Ich denke geschweifte Klammern müssen escaped werden.


----------



## stanleyB (25. April 2004)

Wegen den Quantifiern?
Denke nicht, zumindest hats der RegEx-Coach anstandslos ausgefuehrt.


----------



## Sven Petruschke (25. April 2004)

Das Escapen ist mir auch sofort in den Sinn gekommen. Habe es allerdings ausprobiert und es funktioniert tatsächlich.

snuu


----------



## JohannesR (26. April 2004)

Das Fragezeichen ist überflüssig, behaupte ich mal. * steht für Null oder mehr Elemente, da ist das optionalisieren nicht erforderlich.


----------



## ByeBye 8492 (26. April 2004)

Moinsen,
habe gestern Abend noch das hingekriegt:

preg_match_all("/{[a-zA-Z0-9]*}/", $to_parse, $parse_vars);

Das geht auch, werde mal das andere ausprobieren .

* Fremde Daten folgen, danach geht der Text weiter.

(* Let $J\subset\mathbb{C}$ be a $C^1$ Jordan curve, i.e. $J=\gamma(\mathbb{R}/2\pi\mathbb{Z})$ for an injective $C^1$ map $\gamma:\mathbb{R}/2\pi\mathbb{Z}\to\mathbb{C}$ with $\gamma'\neq0$, and let $n\ge3$. Let \[ W=\Big\{(a_1,\dots,a_n)\in\mathbb{R}_{+}^n:\ a_i<\sum\nolimits_{j\ne i}a_j \text{ for } i=1,\dots,n\Big\}. \] Then for every $A_0\in J$ (reparametrize so that $\gamma(0)=A_0$) and for Lebesgue-almost every $(a_1,\dots,a_n)\in W$, the set of tuples $(\sigma_1,\dots,\sigma_{n-1},\lambda)$ with $0<\sigma_1<\dots<\sigma_{n-1}<2\pi$, $\lambda>0$ and \[ |\gamma(\sigma_i)-\gamma(\sigma_{i-1})|=\lambda a_i\quad (i=1,\dots,n),\qquad \sigma_0=0,\ \sigma_n=2\pi, \] is finite. That is, there are at most finitely many neatly $J$-cyclic polygons with starting vertex $A_0$ and side lengths $a_1,\dots,a_n$.
   Context: A polygon $Q_n=A_0\cdots A_{n-1}$ is neatly $J$-cyclic (for an oriented Jordan curve $J$) if it has a similar copy whose vertices lie on $J$ in this order according to the orientation of $J$; here its starting vertex on $J$ is required to be $A_0$. *)

theory Defs
  imports "HOL-Analysis.Analysis"
begin

definition C1_jordan_param :: "(real \<Rightarrow> complex) \<Rightarrow> bool" where
  "C1_jordan_param \<gamma> \<longleftrightarrow>
     (\<forall>t. \<gamma> (t + 2 * pi) = \<gamma> t) \<and>
     \<gamma> C1_differentiable_on UNIV \<and>
     (\<forall>t. vector_derivative \<gamma> (at t) \<noteq> 0) \<and>
     (\<forall>s\<in>{0..<2*pi}. \<forall>t\<in>{0..<2*pi}. \<gamma> s = \<gamma> t \<longrightarrow> s = t)"

text \<open>The set W, with the n side lengths a_1..a_n stored as a 0 .. a (n-1).\<close>
definition polygon_sides :: "nat \<Rightarrow> (nat \<Rightarrow> real) set" where
  "polygon_sides n = {a. \<forall>i<n. 0 < a i \<and> a i < (\<Sum>j\<in>{..<n} - {i}. a j)}"

definition vparam :: "nat \<Rightarrow> real list \<Rightarrow> nat \<Rightarrow> real" where
  "vparam n s i = (if i = 0 then 0 else if i = n then 2 * pi else s ! (i - 1))"

text \<open>Tuples (sigma_1..sigma_(n-1), lambda) giving neatly J-cyclic polygons starting at
  gamma t0 with side lengths a_1..a_n (curve reparametrised as sigma \<mapsto> gamma (t0 + sigma)).\<close>
definition neat_cyclic_params ::
    "(real \<Rightarrow> complex) \<Rightarrow> real \<Rightarrow> nat \<Rightarrow> (nat \<Rightarrow> real) \<Rightarrow> (real list \<times> real) set" where
  "neat_cyclic_params \<gamma> t0 n a =
     {(s, l). length s = n - 1 \<and> 0 < l \<and>
        (\<forall>i<n. vparam n s i < vparam n s (Suc i)) \<and>
        (\<forall>i<n. cmod (\<gamma> (t0 + vparam n s (Suc i)) - \<gamma> (t0 + vparam n s i)) = l * a i)}"

end

theory Submission
  imports Defs "Jordan_Normal_Form.Determinant" "HOL-Library.Periodic_Fun"
begin

text \<open>Put the vertex parameters \<open>\<sigma>\<^sub>1, \<dots>, \<sigma>\<^sub>n\<^sub>-\<^sub>1\<close> and the scale \<open>\<lambda>\<close> into one point \<open>x \<in> \<real>\<^sup>n\<close>; the
  polygons in question are the solutions of \<open>shape x = a\<close>, where \<open>shape x\<close> is the vector of side
  lengths divided by \<open>\<lambda>\<close>. By the easy half of Sard's lemma the critical values of this
  differentiable map form a null set, so for almost every \<open>a\<close> all solutions are regular, hence
  isolated. They are also bounded, so infinitely many of them would accumulate. A limit with
  \<open>\<lambda> > 0\<close> is again a regular solution, contradicting isolation. A limit with \<open>\<lambda> = 0\<close> has all
  vertices at \<open>A\<^sub>0\<close>; since the curve is \<open>C\<^sup>1\<close> with nonzero tangent there, the polygons close to
  the limit would have one side almost as long as all the others together, which the polygon
  inequalities \<open>a\<^sub>i < \<Sum>\<^sub>j\<^sub>\<noteq>\<^sub>i a\<^sub>j\<close> forbid.\<close>

lemma tendsto_coordinate:
  fixes f :: "'a \<Rightarrow> 'b::countable \<Rightarrow> 'c::metric_space"
  assumes "(f \<longlongrightarrow> l) F"
  shows "((\<lambda>m. f m j) \<longlongrightarrow> l j) F"
proof -
  have "continuous_on UNIV (\<lambda>x :: 'b \<Rightarrow> 'c. x j)" by simp
  then have "isCont (\<lambda>x. x j) l"
    using continuous_on_eq_continuous_at[OF open_UNIV, of "\<lambda>x :: 'b \<Rightarrow> 'c. x j"] by simp
  from isCont_tendsto_compose[OF this assms] show ?thesis .
qed

lemma ex_all_close_of_tendsto:
  fixes X :: "'i \<Rightarrow> nat \<Rightarrow> real"
  assumes "finite I" and lim: "\<And>i. i \<in> I \<Longrightarrow> X i \<longlonglongrightarrow> l i" and "\<rho> > 0"
  obtains m where "\<And>i. i \<in> I \<Longrightarrow> \<bar>X i m - l i\<bar> < \<rho>"
proof -
  have "\<forall>\<^sub>F m in sequentially. \<forall>i\<in>I. \<bar>X i m - l i\<bar> < \<rho>"
  proof (intro eventually_ball_finite ballI)
    fix i assume "i \<in> I"
    from tendstoD[OF lim[OF this] \<open>\<rho> > 0\<close>] show "\<forall>\<^sub>F m in sequentially. \<bar>X i m - l i\<bar> < \<rho>"
      by (simp add: dist_real_def)
  qed (rule \<open>finite I\<close>)
  then show ?thesis using that unfolding eventually_sequentially by blast
qed

lemma compact_PiE_box: "compact (PiE {..<(n::nat)} (\<lambda>_. {-R..R::real}))"
proof -
  define S where "S i = (if i < n then {-R..R} else {undefined})" for i :: nat
  have "PiE {..<n} (\<lambda>_. {-R..R::real}) = PiE UNIV S"
    unfolding S_def by (auto simp: PiE_def Pi_def extensional_def split: if_splits)
  moreover have "compactin (product_topology (\<lambda>_. euclidean) UNIV) (PiE UNIV S)"
    unfolding compactin_PiE by (auto simp: S_def)
  ultimately show ?thesis by (simp add: euclidean_product_topology)
qed

section \<open>Sard's lemma for coordinatewise differentiable maps\<close>

definition slab :: "nat set \<Rightarrow> (nat \<Rightarrow> real) \<Rightarrow> (nat \<Rightarrow> real) \<Rightarrow> nat \<Rightarrow> real \<Rightarrow> real \<Rightarrow> (nat \<Rightarrow> real) set"
  where "slab V c w k r e = {z \<in> PiE V (\<lambda>_. UNIV).
     (\<forall>i\<in>V - {k}. \<bar>z i - c i\<bar> \<le> r) \<and> \<bar>\<Sum>i\<in>V. w i * (z i - c i)\<bar> \<le> e}"

lemma slab_mono: "r \<le> r' \<Longrightarrow> e \<le> e' \<Longrightarrow> slab V c w k r e \<subseteq> slab V c w k r' e'"
  unfolding slab_def by force

lemma sets_slab: "slab V c w k r e \<in> sets (PiM V (\<lambda>_. lborel))"
proof -
  have "{z \<in> space (PiM V (\<lambda>_. lborel)). (\<forall>i\<in>V - {k}. \<bar>z i - c i\<bar> \<le> r) \<and>
          \<bar>\<Sum>i\<in>V. w i * (z i - c i)\<bar> \<le> e} \<in> sets (PiM V (\<lambda>_. lborel))"
    by measurable
  then show ?thesis by (simp add: slab_def space_PiM)
qed

text \<open>Fubini in the coordinate \<open>k\<close>: since \<open>w k = 1\<close>, each line parallel to the \<open>k\<close>-th axis
  meets the slab in an interval of length \<open>2 e\<close>.\<close>
lemma emeasure_slab_le:
  assumes V: "finite V" "k \<in> V" and wk: "w k = 1" and r: "r \<ge> 0" and e: "e \<ge> 0"
  shows "emeasure (PiM V (\<lambda>_. lborel)) (slab V c w k r e) \<le> ennreal ((2*r)^(card V - 1) * (2*e))"
proof -
  interpret product_sigma_finite "\<lambda>_. lborel" by standard
  define I where "I = V - {k}"
  have VI: "V = insert k I" "k \<notin> I" "finite I" using V by (auto simp: I_def)
  define B where "B = PiE I (\<lambda>i. {c i - r..c i + r})"
  define \<phi> where "\<phi> x = c k - (\<Sum>i\<in>I. w i * (x i - c i))" for x :: "nat \<Rightarrow> real"
  let ?S = "slab V c w k r e"
  have "emeasure (PiM V (\<lambda>_. lborel)) ?S = \<integral>\<^sup>+ z. indicator ?S z \<partial>(PiM V (\<lambda>_. lborel))"
    using sets_slab by simp
  also have "\<dots> = \<integral>\<^sup>+ x. (\<integral>\<^sup>+ y. indicator ?S (x(k := y)) \<partial>lborel) \<partial>(PiM I (\<lambda>_. lborel))"
    unfolding VI(1) by (rule product_nn_integral_insert) (use VI sets_slab in auto)
  also have "\<dots> \<le> \<integral>\<^sup>+ x. ennreal (2*e) * indicator B x \<partial>(PiM I (\<lambda>_. lborel))"
  proof (rule nn_integral_mono)
    fix x :: "nat \<Rightarrow> real" assume x: "x \<in> space (PiM I (\<lambda>_. lborel))"
    have "indicator ?S (x(k := y)) \<le> (indicator B x * indicator {\<phi> x - e..\<phi> x + e} y :: ennreal)"
      for y
    proof (cases "x(k := y) \<in> ?S")
      case True
      have xI: "(x(k := y)) i = x i" if "i \<in> I" for i using VI that by auto
      have "\<forall>i\<in>I. \<bar>x i - c i\<bar> \<le> r"
        using True xI by (auto simp: slab_def I_def)
      then have "x \<in> B"
        using x by (auto simp: B_def space_PiM abs_le_iff)
      have "(\<Sum>i\<in>V. w i * ((x(k := y)) i - c i)) = (y - c k) + (\<Sum>i\<in>I. w i * (x i - c i))"
        unfolding VI(1) using VI wk xI by (simp cong: sum.cong)
      then have "y \<in> {\<phi> x - e..\<phi> x + e}"
        using True by (auto simp: slab_def \<phi>_def abs_le_iff)
      with \<open>x \<in> B\<close> show ?thesis by (simp add: indicator_def)
    qed simp
    then have "(\<integral>\<^sup>+ y. indicator ?S (x(k := y)) \<partial>lborel)
        \<le> (\<integral>\<^sup>+ y. indicator B x * indicator {\<phi> x - e..\<phi> x + e} y \<partial>lborel)"
      by (intro nn_integral_mono)
    also have "\<dots> = indicator B x * ennreal (2*e)"
      using e by (simp add: nn_integral_cmult)
    finally show "(\<integral>\<^sup>+ y. indicator ?S (x(k := y)) \<partial>lborel) \<le> ennreal (2*e) * indicator B x"
      by (simp add: mult.commute)
  qed
  also have "\<dots> = ennreal (2*e) * emeasure (PiM I (\<lambda>_. lborel)) B"
    by (rule nn_integral_cmult_indicator) (use VI in \<open>auto simp: B_def intro!: sets_PiM_I_finite\<close>)
  also have "emeasure (PiM I (\<lambda>_. lborel)) B = (\<Prod>i\<in>I. ennreal (2*r))"
    unfolding B_def using VI r by (subst emeasure_PiM) (auto intro!: prod.cong)
  also have "\<dots> = ennreal ((2*r)^(card V - 1))"
    using VI r by (simp add: prod_ennreal ennreal_power)
  finally show ?thesis using r e by (simp add: ennreal_mult' mult.commute)
qed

Wenn ich es richtig verstehe, werden bei den sachen wenn er im Text ein  {}

Die ist der zu parsender {text} . 

Dann nimmt er den gesamten eintrag also {}, oder? Wie kann man es hinkriegen, das er nur das nimmt was innendrinne steht, in dem Fall also "text"?


EDIT: Wieso hast du nacher in der Forschleife $result[1]? Ich habe da $result[0] und das geht auch, wo liegt da der unterschied?


----------



## stanleyB (26. April 2004)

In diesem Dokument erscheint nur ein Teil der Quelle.